-- Recorded data --
lemma rank_delete_lower_bound:
  assumes b: "basis E indep B" and S: "finite S" "\<forall>C\<in>S. card (B \<inter> C) \<le> 1"
  shows "rk E \<le> rk (E - \<Union>S) + card S"
proof -
  have indB: "indep B" "card B = rk E" using b by (simp_all add: basis_iff_full_rank)
  have "B \<inter> \<Union>S = (\<Union>C\<in>S. B \<inter> C)" by blast
  then have "card (B \<inter> \<Union>S) \<le> (\<Sum>C\<in>S. card (B \<inter> C))"
    using card_UN_le[OF S(1), of "\<lambda>C. B \<inter> C"] by simp
  also have "\<dots> \<le> (\<Sum>C\<in>S. 1)" using S(2) by (intro sum_mono) blast
  also have "\<dots> = card S" by simp
  finally have "card (B \<inter> \<Union>S) \<le> card S" .
  moreover have "card B = card (B - \<Union>S) + card (B \<inter> \<Union>S)"
    using card_Int_Diff[OF indep_finite[OF indB(1)], of "\<Union>S"] by linarith
  moreover have "card (B - \<Union>S) \<le> rk (E - \<Union>S)"
  proof (rule card_le_rank)
    show "B - \<Union>S \<subseteq> E - \<Union>S" using indep_subset_E[OF indB(1)] by blast
    show "indep (B - \<Union>S)" using indep_subset[OF indB(1)] by blast
  qed
  ultimately show ?thesis using indB by linarith
qed

lemma rank_delete_tight_cocircuits:
  assumes F: "basis_packing F" "finite F"
    and S: "\<forall>C\<in>S. cocircuit E indep C \<and> card C \<le> card F"
  shows "rk (E - \<Union>S) + card S = rk E"
proof (cases "S = {}")
  case False
  have "S \<subseteq> Pow E" using S cocircuit_subset_E by blast
  then have finS: "finite S" using finite_E by (simp add: finite_subset)
  obtain C0 where "C0 \<in> S" using False by blast
  then have C0: "cocircuit E indep C0" "card C0 \<le> card F" using S by auto
  have "finite C0" using cocircuit_subset_E[OF C0(1)] finite_E finite_subset by blast
  then have "0 < card C0" using cocircuit_nonempty[OF C0(1)] by (simp add: card_gt_0_iff)
  then have "F \<noteq> {}" using C0(2) by auto
  then obtain B where B: "B \<in> F" by blast
  have "\<forall>C1\<in>S. \<forall>C2\<in>S. C1 \<noteq> C2 \<longrightarrow> C1 \<inter> C2 = {}"
    using small_cocircuits_disjoint[OF F] S by simp
  then have "rk (E - \<Union>S) + card S \<le> rk E"
    using rank_delete_disjoint_cocircuits[OF finS] S by blast
  moreover have "rk E \<le> rk (E - \<Union>S) + card S"
  proof (rule rank_delete_lower_bound[OF _ finS])
    show "basis E indep B" using F(1) B unfolding basis_packing_def by blast
    show "\<forall>C\<in>S. card (B \<inter> C) \<le> 1"
      using small_cocircuit_meets_packing(1)[OF F] S B by (simp add: Int_commute)
  qed
  ultimately show ?thesis by linarith
qed simp

lemma sigma_attained: "\<exists>F. basis_packing F \<and> finite F \<and> card F = matroid_sigma E indep"
proof -
  define SF where "SF = {card F | F. basis_packing F}"
  have packing_Pow: "F \<subseteq> Pow E" if "basis_packing F" for F
  proof
    fix B assume "B \<in> F"
    then have "indep B" using that unfolding basis_packing_def basis_def by blast
    then show "B \<in> Pow E" using indep_subset_E by blast
  qed
  have "card F \<le> card (Pow E)" if "basis_packing F" for F
    using packing_Pow[OF that] finite_E by (simp add: card_mono)
  then have "SF \<subseteq> {..card (Pow E)}" unfolding SF_def by blast
  then have "finite SF" by (rule finite_subset) simp
  moreover have "0 \<in> SF" unfolding SF_def basis_packing_def by force
  ultimately have "Max SF \<in> SF" by (intro Max_in) auto
  moreover have "matroid_sigma E indep = Max SF"
    unfolding matroid_sigma_def SF_def basis_packing_def ..
  ultimately obtain F where F: "basis_packing F" "card F = matroid_sigma E indep"
    unfolding SF_def by auto
  moreover have "finite F" using packing_Pow[OF F(1)] finite_E finite_subset by blast
  ultimately show ?thesis by blast
qed

end

theorem mainTheorem9:
  fixes E :: "'a set" and indep :: "'a set \<Rightarrow> bool" and k r :: nat
  assumes "matroid E indep"
    and "matroid_lambda E indep = k"
    and "matroid_sigma E indep = k"
    and "matroid_rank E indep = r"
  shows "int (matroid_rank (fst (crux E indep)) (snd (crux E indep)))
           = int r - int (card {C. cocircuit E indep C \<and> card C = k})"
proof -
  interpret finite_matroid E indep using assms(1) by (rule finite_matroid.intro)
  define S where "S = {C. cocircuit E indep C \<and> card C = k}"
  obtain F where F: "basis_packing F" "finite F" "card F = k"
    using sigma_attained assms(3) by blast
  have "mrank E indep (E - \<Union>S) + card S = r"
    using rank_delete_tight_cocircuits[OF F(1,2), of S] F(3) assms(4)
    unfolding S_def matroid_rank_def by simp
  moreover have "matroid_rank (fst (crux E indep)) (snd (crux E indep)) = mrank E indep (E - \<Union>S)"
    unfolding crux_def rank_of_deletion assms(2) S_def ..
  ultimately have "int (matroid_rank (fst (crux E indep)) (snd (crux E indep))) = int r - int (card S)"
    by linarith
  then show ?thesis unfolding S_def .
qed

end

-- Instructions for the task --
The word to find is "False". Copy every line of the records that holds it.

-- Answer section --
  case False
  obtain C0 where "C0 \<in> S" using False by blast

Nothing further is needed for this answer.